Köy Enstitüleri’nin kapatılmasıyla birlikte önemli bir fırsatın kaçtığına dikkat çeken Başkan Bozbey, “Aydınlanma meşalesini yakalamışız, elimize tutuşturanlar bir müddet sonra birilerinin baskısıyla bizim elimizden aldılar. Bu bizim topraklarımızda yaşayan bunca insana yapılmış büyük bir hakarettir. Onun için bu günleri yaşıyoruz, onun için yıllarca kardeş kardeşi vurdu, yıllarca etnik kimlik, dinsel kimlik tartışıldı ve birbirimizi yok etmeye çalıştık. Eğer Köy Enstitüleri devam etmiş olsaydı belki bugün biz uzayla ilgili, bilimle ilgili tartışmaları yapar duruma gelirdik ve ekonomimizin de çok ileri seviyede olacağını düşünüyorum. Böyle güçlü bir ülke olacaktık biz ama bizi bu duruma sokanları ben Türkiye Cumhuriyeti vatandaşı olarak geleceğimiz adına asla affetmiyorum” diye kaydetti.

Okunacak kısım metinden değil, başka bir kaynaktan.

lemma continuous_on_amls_inf_punctured:
  assumes "\<alpha> > 1"
  shows "continuous_on ({1<..} \<times> {0..1} - {(\<alpha>, 1)}) (\<lambda>p. amls_inf \<alpha> c (fst p) (snd p))"
proof -
  define D where "D = {1<..} \<times> {0..1} - {(\<alpha>, 1::real)}"
  define m where "m p = M_ab \<alpha> (fst p) (snd p / fst p)" for p
  define H where "H q = g_abc \<alpha> (fst (fst q)) c (snd (fst q) / fst (fst q))
      (m (fst q) + snd q * (snd (fst q) - m (fst q)))" for q
  have "continuous_on D m"
    using continuous_on_M_ab[OF assms] by (simp add: D_def m_def[abs_def])
  then have "continuous_on (D \<times> {0..1}) (\<lambda>q. m (fst q))"
    by (rule continuous_on_compose2) (auto intro!: continuous_intros)
  then have "continuous_on (D \<times> {0..1}) H"
    unfolding H_def using assms by (intro continuous_intros) (auto simp: D_def)
  then have "continuous_on D (\<lambda>p. INF t\<in>{0..1}. H (p, t))"
    by (rule continuous_on_cINF) auto
  then show ?thesis
    unfolding D_def by (rule continuous_on_eq)
      (use assms in \<open>auto simp: H_def m_def amls_inf_eq_INF_unit_interval\<close>)
qed

lemma amls_inf_bounds:
  assumes "\<alpha> > 1" "\<beta> > 1" "s \<in> {0..1}"
  shows "(INF \<tau>\<in>{0..1}. g_abc \<alpha> \<beta> c (s / \<beta>) \<tau>) \<le> amls_inf \<alpha> c \<beta> s"
    and "amls_inf \<alpha> c \<beta> s \<le> g_abc \<alpha> \<beta> c (s / \<beta>) s"
proof -
  let ?m = "M_ab \<alpha> \<beta> (s / \<beta>)"
  have m: "0 \<le> ?m" "?m \<le> s"
    using M_ab_bounds[of \<alpha> \<beta> "s / \<beta>"] assms by auto
  then have sub: "{?m..s} \<subseteq> {0..1}"
    using assms(3) by auto
  have "continuous_on {0..1} (\<lambda>\<tau>. g_abc \<alpha> \<beta> c (s / \<beta>) \<tau>)"
    using assms(1) by (intro continuous_intros) auto
  then have bdd: "bdd_below (g_abc \<alpha> \<beta> c (s / \<beta>) ` {0..1})"
    by (intro bounded_imp_bdd_below compact_imp_bounded compact_continuous_image) auto
  show "(INF \<tau>\<in>{0..1}. g_abc \<alpha> \<beta> c (s / \<beta>) \<tau>) \<le> amls_inf \<alpha> c \<beta> s"
    unfolding amls_inf_def using m(2) bdd sub by (intro cINF_superset_mono) auto
  show "amls_inf \<alpha> c \<beta> s \<le> g_abc \<alpha> \<beta> c (s / \<beta>) s"
    unfolding amls_inf_def using m(2) bdd_below_mono[OF bdd image_mono[OF sub]]
    by (intro cINF_lower) auto
qed

lemma amls_inf_alpha_1:
  assumes "\<alpha> > 1" "c \<ge> 1"
  shows "amls_inf \<alpha> c \<alpha> 1 = 0"
proof -
  have "amls_inf \<alpha> c \<alpha> 1 = (INF \<tau>\<in>{0..1}. (1 - \<tau>) / \<alpha> * ln c)"
    using assms(1) by (simp add: amls_inf_def M_ab_def g_abc_beta_eq_alpha)
  also have "\<dots> = 0"
  proof (rule antisym)
    have "bdd_below ((\<lambda>\<tau>. (1 - \<tau>) / \<alpha> * ln c) ` {0..1})"
      using assms by (intro bdd_belowI2[of _ 0]) auto
    then show "(INF \<tau>\<in>{0..1}. (1 - \<tau>) / \<alpha> * ln c) \<le> 0"
      using cINF_lower[of "\<lambda>\<tau>. (1 - \<tau>) / \<alpha> * ln c" "{0..1}" 1] by simp
    show "0 \<le> (INF \<tau>\<in>{0..1}. (1 - \<tau>) / \<alpha> * ln c)"
      using assms by (intro cINF_greatest) auto
  qed
  finally show ?thesis .
qed

lemma continuous_on_amls_inf:
  assumes "\<alpha> > 1" "c \<ge> 1"
  shows "continuous_on ({1<..} \<times> {0..1}) (\<lambda>p. amls_inf \<alpha> c (fst p) (snd p))"
proof -
  define D where "D = {1::real<..} \<times> {0::real..1}"
  have "continuous (at p within D) (\<lambda>p. amls_inf \<alpha> c (fst p) (snd p))" if "p \<in> D" for p
  proof (cases "p = (\<alpha>, 1)")
    case True
    define L where "L q = (INF \<tau>\<in>{0..1}. g_abc \<alpha> (fst q) c (snd q / fst q) \<tau>)" for q
    define U where "U q = g_abc \<alpha> (fst q) c (snd q / fst q) (snd q)" for q
    have "continuous_on (D \<times> {0..1})
        (\<lambda>r. g_abc \<alpha> (fst (fst r)) c (snd (fst r) / fst (fst r)) (snd r))"
      using assms(1) by (intro continuous_intros) (auto simp: D_def)
    from continuous_on_cINF[OF this compact_Icc] have "continuous_on D L"
      by (simp add: L_def[abs_def])
    moreover have "continuous_on D U"
      unfolding U_def[abs_def] using assms(1) by (intro continuous_intros) (auto simp: D_def)
    ultimately have "continuous (at p within D) L" "continuous (at p within D) U"
      using \<open>p \<in> D\<close> by (simp_all add: continuous_on_eq_continuous_within)
    then show ?thesis
    proof (rule continuous_within_sandwich)
      fix q assume "q \<in> D"
      then show "L q \<le> amls_inf \<alpha> c (fst q) (snd q) \<and> amls_inf \<alpha> c (fst q) (snd q) \<le> U q"
        using assms(1) amls_inf_bounds[of \<alpha> "fst q" "snd q" c] by (auto simp: D_def L_def U_def)
    next
      show "L p = amls_inf \<alpha> c (fst p) (snd p)"
        using True by (simp add: L_def amls_inf_def M_ab_def)
      show "U p = amls_inf \<alpha> c (fst p) (snd p)"
        using True assms by (simp add: U_def g_abc_beta_eq_alpha amls_inf_alpha_1)
    qed
  next
    case False
    have "continuous (at p within D - {(\<alpha>, 1)}) (\<lambda>p. amls_inf \<alpha> c (fst p) (snd p))"
      using continuous_on_amls_inf_punctured[OF assms(1)] \<open>p \<in> D\<close> False
      by (simp add: continuous_on_eq_continuous_within D_def)
    moreover have "at p within D = at p within D - {(\<alpha>, 1)}"
      using False by (intro at_within_nhd[of p "- {(\<alpha>, 1)}"]) auto
    ultimately show ?thesis
      by simp
  qed
  then show ?thesis
    by (simp add: continuous_on_eq_continuous_within D_def)
qed

theorem lemma5p6:
  fixes \<alpha> c :: real
  assumes "\<alpha> > 1" and "c > 1"
  shows "continuous_on {1<..} (\<lambda>x. amls \<alpha> c x)"
proof -
  have "continuous_on {1<..} (\<lambda>\<beta>. SUP s\<in>{0..1}. amls_inf \<alpha> c \<beta> s)"
    using continuous_on_cSUP[OF continuous_on_amls_inf] assms by simp
  then have "continuous_on {1<..} (\<lambda>\<beta>. exp (SUP s\<in>{0..1}. amls_inf \<alpha> c \<beta> s))"
    by (rule continuous_on_exp)
  then show ?thesis
    by (rule continuous_on_eq) (simp add: amls_eq_exp_SUP)
qed

end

Nilüfer’de sanatla, sporla ve eğitimle ilgili etkinliklerde Köy Enstitüleri’nin küçük bir modelini uygulamaya çalıştıklarını söyleyen Bozbey, bu ülkenin büyük ölçekte bunu yapmasına ihtiyacı olduğunun altını çizdi. Mustafa Bozbey, “Köy Enstitüleri bilgiyi, pratiği, dayanışmayı, insan sevgisini öğretiyordu. Bizim şimdi aradığımız değerler bunlar. İnsanlar dürüst olsun, doğru söylesinler, tartışma ortamı yaratsınlar ve uzlaşsınlar, topluma doğru bilgiler aktarsınlar istiyoruz. İşte o Köy Enstitüleri bunları öğretiyordu. Karamsar olmaya gerek yok, biz ileriye bakacağız, güneş hiçbir zaman için balçıkla sıvanmamıştır, her sabah yeniden doğuyor ve her sabah hem sıcaklık veriyor hem de aydınlatıyor. Onun için güneşi takip etmeye devam edeceğiz. Her sabah uyandığımızda yeniden düşüneceğiz, eksiklerimizi görerek yola devam edeceğiz ama dürüstçe, insanca, insan haklarına saygıyı en üst düzeyde tutarak bunu yapmak zorundayız. Aksi takdirde gerçekten dünyanın en güzel ülkesine sahip olan biz Türkiye Cumhuriyeti vatandaşı olarak üzüntü çekebiliriz” şeklinde konuştu.

Etkinlikte , “Bozkırda Açan Çiçekler” isimli belgeselin de gösterimi yapıldı. Yönetmenliğini Sedat Akar’ın yaptığı ve Köy Enstitüleri mezunlarının Köy Enstitüleri’ni anlattığı belgeseli izleyenler göz yaşlarına hakim olamadı.